_What you will do_:
Every line of the entries below that includes "insert" belongs in the answer, copied as written.

(Dataset excerpts)
(* Assume $c_1c_2<1$ (in addition to $a_ia_j<1$, $a_ic_1<1$, $a_ic_2<1$). Let $\mathcal P$ be the horizontal path with vertices $(k+j,k)$, $0\le j\le N$, and labels $\boldsymbol b=(b_1,\dots,b_N)$, $b_j=a_{k+j}$. Then the probability mass function $\mathrm P^{\mathcal P}$ on $\mathbb Z^N$ coincides with $\mathrm P^{\boldsymbol b,c_1,c_2}_{\mathrm{stat\,Geo}}$.
   Context: Parameters: $N\ge1$, $a_1,\dots,a_N\in(0,1)$, $c_1,c_2>0$, indices of $a$ taken mod $N$. For the horizontal path, for $\boldsymbol\lambda=(\lambda_i^{(j)})_{i\in\{1,2\},0\le j\le N}\in\mathbb Z^{2N+2}$ define $$\mathrm{wt}^{\mathcal{GP}}(\boldsymbol\lambda)=c_1^{\lambda_1^{(0)}-\lambda_2^{(0)}}c_2^{\lambda_1^{(N)}-\lambda_2^{(N)}}\prod_{j=1}^N\Big[\prod_{i=1}^2b_j^{\lambda_i^{(j)}-\lambda_i^{(j-1)}}\mathbf 1\{\lambda_i^{(j)}\ge\lambda_i^{(j-1)}\}\Big]\mathbf 1\{\lambda_1^{(j-1)}\ge\lambda_2^{(j)}\},$$ $\mathrm{wt}^{\mathcal P}(\boldsymbol\lambda_1)=\sum_{\boldsymbol\lambda_2\in\mathbb Z^{N+1}}\mathrm{wt}^{\mathcal{GP}}(\boldsymbol\lambda_1,\boldsymbol\lambda_2)$, $Z=\sum_{\lambda_1^{(1)},\dots,\lambda_1^{(N)}\in\mathbb Z}\mathrm{wt}^{\mathcal P}(\boldsymbol\lambda_1)$ for fixed $\lambda_1^{(0)}$ (finite, independent of $\lambda_1^{(0)}$ when $c_1c_2<1$), and $\mathrm P^{\mathcal P}(\mathbf L_1)=\mathrm{wt}^{\mathcal P}(\boldsymbol\lambda_1)/Z$ where $L_1(j)=\lambda_1^{(j)}-\lambda_1^{(0)}$. $\mathbb P^{\boldsymbol b,\boldsymbol b}_{\mathrm{GRW}}$: law of two independent walks $\mathbf L_1,\mathbf L_2$ with $L_i(0)=0$ and independent increments $L_i(j)-L_i(j-1)\sim\mathrm{Geom}(b_j)$ ($\mathbb P(\mathrm{Geom}(q)=n)=(1-q)q^n$). $V(\mathbf L)=(c_1c_2)^{\max_{1\le j\le N}(L_2(j)-L_1(j-1))}c_2^{L_1(N)-L_2(N)}$, $\mathbb P^{\boldsymbol b,c_1,c_2}_{\mathrm{stat\,Geo}}=V\,\mathbb P^{\boldsymbol b,\boldsymbol b}_{\mathrm{GRW}}/\mathbb E^{\boldsymbol b,\boldsymbol b}_{\mathrm{GRW}}[V]$, and $\mathrm P^{\boldsymbol b,c_1,c_2}_{\mathrm{stat\,Geo}}$ is the marginal law of $\mathbf L_1$. *)

theory Defs
  imports "HOL-Analysis.Analysis"
begin

text \<open>Vectors indexed by 0..N are encoded as functions nat => int vanishing beyond N.\<close>
definition vecs :: "nat \<Rightarrow> (nat \<Rightarrow> int) set" where
  "vecs N = {f. \<forall>j>N. f j = 0}"

definition paths :: "nat \<Rightarrow> (nat \<Rightarrow> int) set" where
  "paths N = {f. f 0 = 0 \<and> (\<forall>j>N. f j = 0)}"

definition ind :: "bool \<Rightarrow> real" where
  "ind P = (if P then 1 else 0)"

text \<open>Labels of the horizontal path with vertices (k+j,k): b_j = a_{k+j}, indices of a mod N
  (a given on 1..N).\<close>
definition horizLabels :: "nat \<Rightarrow> (nat \<Rightarrow> real) \<Rightarrow> int \<Rightarrow> nat \<Rightarrow> real" where
  "horizLabels N a k j = a (nat ((k + int j - 1) mod int N) + 1)"

definition wtGP :: "nat \<Rightarrow> (nat \<Rightarrow> real) \<Rightarrow> real \<Rightarrow> real \<Rightarrow> (nat \<Rightarrow> int) \<Rightarrow> (nat \<Rightarrow> int) \<Rightarrow> real" where
  "wtGP N b c1 c2 l1 l2 =
     c1 powi (l1 0 - l2 0) * c2 powi (l1 N - l2 N) *
     (\<Prod>j\<in>{1..N}.
        (b j powi (l1 j - l1 (j-1)) * ind (l1 j \<ge> l1 (j-1))) *
        (b j powi (l2 j - l2 (j-1)) * ind (l2 j \<ge> l2 (j-1))) *
        ind (l1 (j-1) \<ge> l2 j))"

definition wtP :: "nat \<Rightarrow> (nat \<Rightarrow> real) \<Rightarrow> real \<Rightarrow> real \<Rightarrow> (nat \<Rightarrow> int) \<Rightarrow> real" where
  "wtP N b c1 c2 l1 = (\<Sum>\<^sub>\<infinity>l2\<in>vecs N. wtGP N b c1 c2 l1 l2)"

definition Zpart :: "nat \<Rightarrow> (nat \<Rightarrow> real) \<Rightarrow> real \<Rightarrow> real \<Rightarrow> int \<Rightarrow> real" where
  "Zpart N b c1 c2 x0 = (\<Sum>\<^sub>\<infinity>l1\<in>{l \<in> vecs N. l 0 = x0}. wtP N b c1 c2 l1)"

text \<open>P^P(L_1) with lambda_1^(0) = x0 and lambda_1^(j) = x0 + L_1(j).\<close>
definition PP :: "nat \<Rightarrow> (nat \<Rightarrow> real) \<Rightarrow> real \<Rightarrow> real \<Rightarrow> int \<Rightarrow> (nat \<Rightarrow> int) \<Rightarrow> real" where
  "PP N b c1 c2 x0 L =
     wtP N b c1 c2 (\<lambda>j. if j \<le> N then x0 + L j else 0) / Zpart N b c1 c2 x0"

definition grw :: "nat \<Rightarrow> (nat \<Rightarrow> real) \<Rightarrow> (nat \<Rightarrow> int) \<Rightarrow> real" where
  "grw N b L = (\<Prod>j\<in>{1..N}.
     if L j \<ge> L (j-1) then (1 - b j) * b j ^ nat (L j - L (j-1)) else 0)"

definition Vfun :: "nat \<Rightarrow> real \<Rightarrow> real \<Rightarrow> (nat \<Rightarrow> int) \<Rightarrow> (nat \<Rightarrow> int) \<Rightarrow> real" where
  "Vfun N c1 c2 L1 L2 =
     (c1 * c2) powi (MAX j\<in>{1..N}. L2 j - L1 (j-1)) * c2 powi (L1 N - L2 N)"

definition EV :: "nat \<Rightarrow> (nat \<Rightarrow> real) \<Rightarrow> real \<Rightarrow> real \<Rightarrow> real" where
  "EV N b c1 c2 = (\<Sum>\<^sub>\<infinity>(L1, L2)\<in>paths N \<times> paths N.
      Vfun N c1 c2 L1 L2 * grw N b L1 * grw N b L2)"

definition PstatGeo :: "nat \<Rightarrow> (nat \<Rightarrow> real) \<Rightarrow> real \<Rightarrow> real \<Rightarrow> (nat \<Rightarrow> int) \<Rightarrow> real" where
  "PstatGeo N b c1 c2 L1 =
     (\<Sum>\<^sub>\<infinity>L2\<in>paths N. Vfun N c1 c2 L1 L2 * grw N b L1 * grw N b L2) / EV N b c1 c2"

end

theory Submission
  imports Defs
begin

text \<open>Write the two lines as \<open>x + L1\<close> and \<open>x - t + L2\<close> with paths \<open>L1, L2\<close> starting at 0.
  The interlacing constraints hold iff \<open>t \<ge> max\<^sub>j (L2 j - L1 (j - 1))\<close>, and then the
  Gibbs weight factorises as \<open>(c1 c2)\<^bsup>t - max\<^esup> V(L1, L2)\<close> times the geometric
  random walk weights of \<open>L1\<close> and \<open>L2\<close>. Summing out the free height \<open>t\<close> contributes the
  constant \<open>1 / (1 - c1 c2)\<close>, so \<open>wt\<^sup>P(L1)\<close> and \<open>Z\<close> are the same constant multiple of
  \<open>E[V; L1]\<close> and \<open>E[V]\<close>. The only analytic input is that each \<open>E[V; L1]\<close> is finite, which
  lets \<^const>\<open>enn2real\<close> commute with the sum over \<open>L1\<close>.\<close>

lemma ennreal_summable_on [simp]: "(f :: 'a \<Rightarrow> ennreal) summable_on A"
  by (rule nonneg_summable_on_complete) simp

lemma sum_le_infsum_ennreal:
  fixes f :: "'a \<Rightarrow> ennreal"
  assumes "finite F" "F \<subseteq> A"
  shows "sum f F \<le> infsum f A"
  using infsum_mono_neutral[of f F f A] assms by auto

lemma infsum_mono_ennreal:
  fixes f g :: "'a \<Rightarrow> ennreal"
  assumes "\<And>x. x \<in> A \<Longrightarrow> f x \<le> g x"
  shows "infsum f A \<le> infsum g A"
  by (rule infsum_mono) (use assms in auto)

lemma infsum_cmult_right_ennreal:
  fixes f :: "'a \<Rightarrow> ennreal"
  shows "(\<Sum>\<^sub>\<infinity>x\<in>A. c * f x) = c * infsum f A"
  by (simp add: nonneg_infsum_complete sum_distrib_left SUP_mult_left_ennreal)

lemma infsum_Sigma_finite_ennreal:
  fixes f :: "'a \<Rightarrow> 'b \<Rightarrow> ennreal"
  assumes "finite A"
  shows "(\<Sum>\<^sub>\<infinity>(x,y)\<in>Sigma A B. f x y) = (\<Sum>x\<in>A. infsum (f x) (B x))"
  using assms
proof (induction A rule: finite_induct)
  case empty
  then show ?case by simp
next
  case (insert a A)
  have "Sigma (insert a A) B = Pair a ` B a \<union> Sigma A B"
    by auto
  moreover have "Pair a ` B a \<inter> Sigma A B = {}"
    using insert.hyps by auto
  moreover have "(\<Sum>\<^sub>\<infinity>(x,y)\<in>Pair a ` B a. f x y) = infsum (f a) (B a)"
    by (subst infsum_reindex) (auto simp: inj_on_def o_def)
  ultimately show ?case
    using insert by (simp add: infsum_Un_disjoint[OF ennreal_summable_on ennreal_summable_on])
qed

lemma infsum_Sigma_ennreal:
  fixes f :: "'a \<Rightarrow> 'b \<Rightarrow> ennreal"
  shows "(\<Sum>\<^sub>\<infinity>(x,y)\<in>Sigma A B. f x y) = (\<Sum>\<^sub>\<infinity>x\<in>A. infsum (f x) (B x))"
proof (rule antisym)
  show "(\<Sum>\<^sub>\<infinity>(x,y)\<in>Sigma A B. f x y) \<le> (\<Sum>\<^sub>\<infinity>x\<in>A. infsum (f x) (B x))"
  proof (subst nonneg_infsum_complete, simp, rule SUP_least, clarify)
    fix F assume F: "finite F" "F \<subseteq> Sigma A B"
    have "sum (\<lambda>(x,y). f x y) F \<le> (\<Sum>\<^sub>\<infinity>(x,y)\<in>Sigma (fst ` F) B. f x y)"
      by (rule sum_le_infsum_ennreal) (use F in force)+
    also have "\<dots> = (\<Sum>x\<in>fst ` F. infsum (f x) (B x))"
      using F by (intro infsum_Sigma_finite_ennreal) auto
    also have "\<dots> \<le> (\<Sum>\<^sub>\<infinity>x\<in>A. infsum (f x) (B x))"
      by (rule sum_le_infsum_ennreal) (use F in auto)
    finally show "sum (\<lambda>(x,y). f x y) F \<le> (\<Sum>\<^sub>\<infinity>x\<in>A. infsum (f x) (B x))" .
  qed
next
  show "(\<Sum>\<^sub>\<infinity>x\<in>A. infsum (f x) (B x)) \<le> (\<Sum>\<^sub>\<infinity>(x,y)\<in>Sigma A B. f x y)"
  proof (subst nonneg_infsum_complete, simp, rule SUP_least, clarify)
    fix F assume F: "finite F" "F \<subseteq> A"
    have "(\<Sum>x\<in>F. infsum (f x) (B x)) = (\<Sum>\<^sub>\<infinity>(x,y)\<in>Sigma F B. f x y)"
      using F by (intro infsum_Sigma_finite_ennreal[symmetric])
    also have "\<dots> \<le> (\<Sum>\<^sub>\<infinity>(x,y)\<in>Sigma A B. f x y)"
      by (rule infsum_mono_neutral) (use F in auto)
    finally show "(\<Sum>x\<in>F. infsum (f x) (B x)) \<le> (\<Sum>\<^sub>\<infinity>(x,y)\<in>Sigma A B. f x y)" .
  qed
qed

lemma infsum_ennreal_eq_ennreal_infsum:
  fixes f :: "'a \<Rightarrow> real"
  assumes "f summable_on A" and "\<And>x. x \<in> A \<Longrightarrow> 0 \<le> f x"
  shows "(\<Sum>\<^sub>\<infinity>x\<in>A. ennreal (f x)) = ennreal (infsum f A)"
proof -
  have "ennreal (infsum f A) = (SUP F\<in>{F. finite F \<and> F \<subseteq> A}. ennreal (sum f F))"
    by (rule infsum_nonneg_is_SUPREMUM_ennreal[OF assms])
  also have "\<dots> = (\<Sum>\<^sub>\<infinity>x\<in>A. ennreal (f x))"
    by (subst nonneg_infsum_complete) (auto intro!: SUP_cong simp: sum_ennreal assms(2) subset_iff)
  finally show ?thesis by simp
qed

lemma infsum_eq_enn2real_infsum_ennreal:
  fixes f :: "'a \<Rightarrow> real"
  assumes nonneg: "\<And>x. x \<in> A \<Longrightarrow> 0 \<le> f x"
  shows "infsum f A = enn2real (\<Sum>\<^sub>\<infinity>x\<in>A. ennreal (f x))"
proof (cases "f summable_on A")
  case True
  then show ?thesis
    using infsum_ennreal_eq_ennreal_infsum infsum_nonneg nonneg by (metis enn2real_ennreal)
next
  case False
  have "(\<Sum>\<^sub>\<infinity>x\<in>A. ennreal (f x)) = \<infinity>"
  proof (rule ccontr)
    assume finite_sum: "(\<Sum>\<^sub>\<infinity>x\<in>A. ennreal (f x)) \<noteq> \<infinity>"
    have "sum f F \<le> enn2real (\<Sum>\<^sub>\<infinity>x\<in>A. ennreal (f x))" if "F \<subseteq> A" "finite F" for F
    proof -
      have "ennreal (sum f F) = (\<Sum>x\<in>F. ennreal (f x))"
        using that nonneg by (subst sum_ennreal) auto
      also have "\<dots> \<le> (\<Sum>\<^sub>\<infinity>x\<in>A. ennreal (f x))"
        by (rule sum_le_infsum_ennreal) (use that in auto)
      finally have "enn2real (ennreal (sum f F)) \<le> enn2real (\<Sum>\<^sub>\<infinity>x\<in>A. ennreal (f x))"
        using finite_sum by (intro enn2real_mono) (simp_all add: less_top)
      then show ?thesis
        using that nonneg by (simp add: subset_iff sum_nonneg)
    qed
    then have "f summable_on A"
      using nonneg by (intro nonneg_bdd_above_summable_on bdd_aboveI) auto
    with False show False by simp
  qed
  with False show ?thesis by (simp add: infsum_not_exists)
qed

lemma infsum_geometric_from_ennreal:
  fixes r :: real and M :: int
  assumes "0 \<le> r" "r < 1"
  shows "(\<Sum>\<^sub>\<infinity>t. ennreal (if M \<le> t then r powi (t - M) else 0)) = ennreal (1 / (1 - r))"
proof -
  have "(\<Sum>\<^sub>\<infinity>t. ennreal (if M \<le> t then r powi (t - M) else 0)) = (\<Sum>\<^sub>\<infinity>t\<in>{M..}. ennreal (r powi (t - M)))"
    by (rule infsum_cong_neutral) auto
  also have "\<dots> = (\<Sum>\<^sub>\<infinity>n::nat. ennreal (r ^ n))"
    by (rule infsum_reindex_bij_witness[of _ "\<lambda>n. M + int n" "\<lambda>t. nat (t - M)"]) (auto simp: power_int_nonneg_exp)
  also have "\<dots> = ennreal (\<Sum>\<^sub>\<infinity>n::nat. r ^ n)"
    using assms by (intro infsum_ennreal_eq_ennreal_infsum summable_nonneg_imp_summable_on
        summable_geometric) auto
  also have "(\<Sum>\<^sub>\<infinity>n::nat. r ^ n) = 1 / (1 - r)"
    using assms by (intro infsumI sums_nonneg_imp_has_sum geometric_sums) auto
  finally show ?thesis .
qed

lemma paths_0: "paths 0 = {\<lambda>_. 0}"
  by (auto simp: paths_def fun_eq_iff) (metis gr0I)

lemma bij_betw_paths_Suc:
  "bij_betw (\<lambda>(L, d). L(Suc N := L N + d)) (paths N \<times> UNIV) (paths (Suc N))"
  by (rule bij_betw_byWitness[where f' = "\<lambda>L. (L(Suc N := 0), L (Suc N) - L N)"])
    (auto simp: paths_def fun_eq_iff)

lemma infsum_paths_prod_increments:
  fixes g :: "nat \<Rightarrow> int \<Rightarrow> ennreal"
  shows "(\<Sum>\<^sub>\<infinity>L\<in>paths N. \<Prod>j\<in>{1..N}. g j (L j - L (j - 1))) = (\<Prod>j\<in>{1..N}. infsum (g j) UNIV)"
proof (induction N)
  case 0
  then show ?case by (simp add: paths_0)
next
  case (Suc N)
  let ?P = "\<lambda>N L. \<Prod>j\<in>{1..N}. g j (L j - L (j - 1))"
  have extend: "?P (Suc N) (L(Suc N := L N + d)) = ?P N L * g (Suc N) d" for L d
  proof -
    have "?P N (L(Suc N := L N + d)) = ?P N L"
      by (rule prod.cong) auto
    then show ?thesis by simp
  qed
  have "(\<Sum>\<^sub>\<infinity>L\<in>paths (Suc N). ?P (Suc N) L)
      = (\<Sum>\<^sub>\<infinity>(L, d)\<in>paths N \<times> UNIV. ?P (Suc N) (L(Suc N := L N + d)))"
    using infsum_reindex_bij_betw[OF bij_betw_paths_Suc, of "?P (Suc N)"] by (simp only: case_prod_beta')
  also have "\<dots> = (\<Sum>\<^sub>\<infinity>(L, d)\<in>paths N \<times> UNIV. ?P N L * g (Suc N) d)"
    by (simp only: extend)
  also have "\<dots> = (\<Sum>\<^sub>\<infinity>L\<in>paths N. ?P N L * infsum (g (Suc N)) UNIV)"
    by (simp add: infsum_Sigma_ennreal infsum_cmult_right_ennreal)
  also have "\<dots> = (\<Sum>\<^sub>\<infinity>L\<in>paths N. ?P N L) * infsum (g (Suc N)) UNIV"
    using infsum_cmult_right_ennreal[of "infsum (g (Suc N)) UNIV" "?P N"] by (simp add: mult.commute)
  finally show ?case
    using Suc by simp
qed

_Task output_:
  case (insert a A)
  have "Sigma (insert a A) B = Pair a ` B a \<union> Sigma A B"
    using insert.hyps by auto
    using insert by (simp add: infsum_Un_disjoint[OF ennreal_summable_on ennreal_summable_on])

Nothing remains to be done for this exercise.